Records excerpted from a collection:
◇ ◇ ◇ ◇ ◇ ◇ ◇

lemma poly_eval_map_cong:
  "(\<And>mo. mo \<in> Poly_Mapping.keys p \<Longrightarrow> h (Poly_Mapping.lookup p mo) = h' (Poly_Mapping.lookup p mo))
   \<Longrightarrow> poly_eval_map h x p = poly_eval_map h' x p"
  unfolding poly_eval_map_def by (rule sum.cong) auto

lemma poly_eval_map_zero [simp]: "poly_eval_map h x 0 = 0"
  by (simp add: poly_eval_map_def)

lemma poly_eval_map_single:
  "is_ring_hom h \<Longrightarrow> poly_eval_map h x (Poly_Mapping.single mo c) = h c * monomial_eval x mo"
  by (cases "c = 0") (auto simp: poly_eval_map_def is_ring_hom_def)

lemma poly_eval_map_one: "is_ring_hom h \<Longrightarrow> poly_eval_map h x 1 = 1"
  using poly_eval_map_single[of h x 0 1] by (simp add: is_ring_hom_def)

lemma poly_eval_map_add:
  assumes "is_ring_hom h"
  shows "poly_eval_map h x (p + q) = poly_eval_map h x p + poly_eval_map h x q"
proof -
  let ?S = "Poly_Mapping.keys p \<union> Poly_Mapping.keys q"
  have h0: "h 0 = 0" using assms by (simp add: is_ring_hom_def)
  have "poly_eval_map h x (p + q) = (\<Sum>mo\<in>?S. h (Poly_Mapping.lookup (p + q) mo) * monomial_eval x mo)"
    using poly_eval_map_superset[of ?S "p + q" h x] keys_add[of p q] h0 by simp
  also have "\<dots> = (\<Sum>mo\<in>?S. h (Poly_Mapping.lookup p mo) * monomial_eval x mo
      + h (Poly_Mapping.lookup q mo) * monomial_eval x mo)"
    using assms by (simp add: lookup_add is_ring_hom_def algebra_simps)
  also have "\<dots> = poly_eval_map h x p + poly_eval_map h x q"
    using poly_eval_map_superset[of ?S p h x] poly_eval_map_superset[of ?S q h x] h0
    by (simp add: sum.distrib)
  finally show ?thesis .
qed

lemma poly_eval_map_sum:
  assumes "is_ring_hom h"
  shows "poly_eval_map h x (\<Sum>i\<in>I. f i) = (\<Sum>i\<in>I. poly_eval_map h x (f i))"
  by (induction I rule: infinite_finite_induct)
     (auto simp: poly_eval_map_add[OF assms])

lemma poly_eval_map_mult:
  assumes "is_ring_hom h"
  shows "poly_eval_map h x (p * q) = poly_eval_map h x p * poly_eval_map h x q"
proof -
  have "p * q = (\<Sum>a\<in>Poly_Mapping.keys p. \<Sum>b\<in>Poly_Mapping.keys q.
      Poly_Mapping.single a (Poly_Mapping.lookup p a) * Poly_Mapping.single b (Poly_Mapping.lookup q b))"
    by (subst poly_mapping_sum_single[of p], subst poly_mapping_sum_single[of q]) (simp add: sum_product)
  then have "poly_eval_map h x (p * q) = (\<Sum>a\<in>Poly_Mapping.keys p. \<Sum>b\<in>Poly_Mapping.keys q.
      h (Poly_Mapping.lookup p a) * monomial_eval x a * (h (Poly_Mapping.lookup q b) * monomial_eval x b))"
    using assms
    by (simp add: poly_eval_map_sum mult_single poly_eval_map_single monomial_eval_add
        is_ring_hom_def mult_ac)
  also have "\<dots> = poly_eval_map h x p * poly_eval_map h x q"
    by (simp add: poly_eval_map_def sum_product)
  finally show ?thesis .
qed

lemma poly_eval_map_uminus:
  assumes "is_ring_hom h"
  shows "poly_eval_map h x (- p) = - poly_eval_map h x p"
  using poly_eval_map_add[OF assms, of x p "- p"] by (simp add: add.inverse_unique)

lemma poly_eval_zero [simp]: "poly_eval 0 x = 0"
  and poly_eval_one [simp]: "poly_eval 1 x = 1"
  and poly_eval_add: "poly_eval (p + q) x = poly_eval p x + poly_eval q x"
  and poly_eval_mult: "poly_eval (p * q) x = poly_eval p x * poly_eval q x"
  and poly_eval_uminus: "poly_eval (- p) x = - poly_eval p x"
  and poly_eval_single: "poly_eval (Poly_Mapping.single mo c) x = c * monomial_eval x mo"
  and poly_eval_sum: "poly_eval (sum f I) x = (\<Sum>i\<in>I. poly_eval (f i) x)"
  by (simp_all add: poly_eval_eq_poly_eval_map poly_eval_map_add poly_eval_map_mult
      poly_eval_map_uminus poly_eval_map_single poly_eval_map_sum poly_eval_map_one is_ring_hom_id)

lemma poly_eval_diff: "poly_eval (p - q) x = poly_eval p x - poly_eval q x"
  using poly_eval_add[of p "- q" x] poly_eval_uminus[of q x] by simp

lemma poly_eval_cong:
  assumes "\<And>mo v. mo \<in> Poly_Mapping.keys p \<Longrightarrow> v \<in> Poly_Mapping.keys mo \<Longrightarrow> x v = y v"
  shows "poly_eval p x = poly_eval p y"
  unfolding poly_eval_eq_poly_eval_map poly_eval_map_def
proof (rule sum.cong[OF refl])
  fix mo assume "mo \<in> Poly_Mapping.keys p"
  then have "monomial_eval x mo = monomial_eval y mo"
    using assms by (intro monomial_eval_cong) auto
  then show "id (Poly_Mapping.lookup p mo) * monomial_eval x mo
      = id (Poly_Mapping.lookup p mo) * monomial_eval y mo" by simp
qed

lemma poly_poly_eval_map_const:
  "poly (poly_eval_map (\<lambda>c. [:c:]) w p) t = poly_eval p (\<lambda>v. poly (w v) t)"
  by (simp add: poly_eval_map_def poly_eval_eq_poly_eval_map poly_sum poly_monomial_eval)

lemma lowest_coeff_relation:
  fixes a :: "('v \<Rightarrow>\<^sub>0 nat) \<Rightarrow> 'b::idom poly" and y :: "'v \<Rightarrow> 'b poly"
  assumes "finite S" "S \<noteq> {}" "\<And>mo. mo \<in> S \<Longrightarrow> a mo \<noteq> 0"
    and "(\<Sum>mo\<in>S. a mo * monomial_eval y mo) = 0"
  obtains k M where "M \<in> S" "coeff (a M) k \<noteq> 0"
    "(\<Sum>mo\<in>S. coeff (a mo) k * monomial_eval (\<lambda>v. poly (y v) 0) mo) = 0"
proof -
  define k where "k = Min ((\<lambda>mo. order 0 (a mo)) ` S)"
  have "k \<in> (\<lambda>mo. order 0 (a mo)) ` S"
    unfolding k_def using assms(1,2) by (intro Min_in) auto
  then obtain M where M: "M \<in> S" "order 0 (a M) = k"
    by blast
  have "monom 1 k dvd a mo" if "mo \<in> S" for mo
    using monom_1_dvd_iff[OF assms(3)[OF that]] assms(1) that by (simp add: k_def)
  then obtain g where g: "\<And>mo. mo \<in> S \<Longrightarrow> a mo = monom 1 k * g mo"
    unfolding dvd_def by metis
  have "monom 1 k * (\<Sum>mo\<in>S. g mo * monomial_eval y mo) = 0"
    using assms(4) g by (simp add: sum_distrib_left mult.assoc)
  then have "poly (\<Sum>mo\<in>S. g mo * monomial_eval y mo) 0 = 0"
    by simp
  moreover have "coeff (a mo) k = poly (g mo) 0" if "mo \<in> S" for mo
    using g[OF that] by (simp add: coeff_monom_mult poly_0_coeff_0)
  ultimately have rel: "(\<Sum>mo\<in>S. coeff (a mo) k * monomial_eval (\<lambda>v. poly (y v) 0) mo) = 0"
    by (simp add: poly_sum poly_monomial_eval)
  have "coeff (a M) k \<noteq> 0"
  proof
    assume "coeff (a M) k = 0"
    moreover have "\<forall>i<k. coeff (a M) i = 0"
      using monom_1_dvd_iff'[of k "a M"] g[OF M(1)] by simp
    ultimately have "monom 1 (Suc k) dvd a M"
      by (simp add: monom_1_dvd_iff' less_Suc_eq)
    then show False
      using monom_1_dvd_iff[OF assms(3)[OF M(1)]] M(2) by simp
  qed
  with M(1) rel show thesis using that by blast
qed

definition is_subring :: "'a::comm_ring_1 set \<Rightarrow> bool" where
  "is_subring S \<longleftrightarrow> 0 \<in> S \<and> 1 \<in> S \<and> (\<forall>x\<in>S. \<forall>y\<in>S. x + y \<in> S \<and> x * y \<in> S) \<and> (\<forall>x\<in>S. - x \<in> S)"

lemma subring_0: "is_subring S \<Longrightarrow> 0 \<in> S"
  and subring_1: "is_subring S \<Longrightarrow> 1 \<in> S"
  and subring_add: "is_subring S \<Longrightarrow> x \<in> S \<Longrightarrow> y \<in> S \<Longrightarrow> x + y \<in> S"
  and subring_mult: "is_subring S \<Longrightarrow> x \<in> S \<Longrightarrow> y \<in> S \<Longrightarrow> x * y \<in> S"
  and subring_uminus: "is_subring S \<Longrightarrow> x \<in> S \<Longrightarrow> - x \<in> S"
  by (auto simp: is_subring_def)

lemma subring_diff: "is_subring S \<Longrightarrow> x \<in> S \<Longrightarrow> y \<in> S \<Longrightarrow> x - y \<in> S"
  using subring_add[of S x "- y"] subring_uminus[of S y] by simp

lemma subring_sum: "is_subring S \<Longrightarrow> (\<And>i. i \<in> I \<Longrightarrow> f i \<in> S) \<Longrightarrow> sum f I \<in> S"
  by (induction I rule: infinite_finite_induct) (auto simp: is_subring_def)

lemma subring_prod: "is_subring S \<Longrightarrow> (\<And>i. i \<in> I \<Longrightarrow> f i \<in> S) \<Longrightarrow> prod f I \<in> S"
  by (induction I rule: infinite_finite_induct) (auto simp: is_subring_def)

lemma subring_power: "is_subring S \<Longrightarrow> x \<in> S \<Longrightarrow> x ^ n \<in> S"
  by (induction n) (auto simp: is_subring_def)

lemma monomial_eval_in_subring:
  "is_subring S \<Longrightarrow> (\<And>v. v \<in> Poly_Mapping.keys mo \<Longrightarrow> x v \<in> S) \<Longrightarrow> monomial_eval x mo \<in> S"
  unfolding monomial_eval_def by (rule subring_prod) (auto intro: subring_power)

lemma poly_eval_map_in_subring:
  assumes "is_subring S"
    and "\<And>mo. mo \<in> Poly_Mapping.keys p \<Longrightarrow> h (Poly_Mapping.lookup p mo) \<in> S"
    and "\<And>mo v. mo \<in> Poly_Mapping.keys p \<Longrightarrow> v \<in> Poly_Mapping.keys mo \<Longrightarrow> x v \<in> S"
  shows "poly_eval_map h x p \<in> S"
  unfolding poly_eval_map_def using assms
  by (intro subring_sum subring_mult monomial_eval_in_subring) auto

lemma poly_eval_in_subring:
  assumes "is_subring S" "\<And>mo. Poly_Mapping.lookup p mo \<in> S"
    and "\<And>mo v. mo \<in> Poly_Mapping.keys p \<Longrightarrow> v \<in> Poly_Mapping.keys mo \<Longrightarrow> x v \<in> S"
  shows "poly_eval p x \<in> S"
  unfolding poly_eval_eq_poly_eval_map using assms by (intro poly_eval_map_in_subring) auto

◇ ◇ ◇ ◇ ◇ ◇ ◇

*YOUR ASSIGNMENT*
Each line above holding the word "induction" counts; reply with how many there are, only the number.

*RESPONSE AREA*
4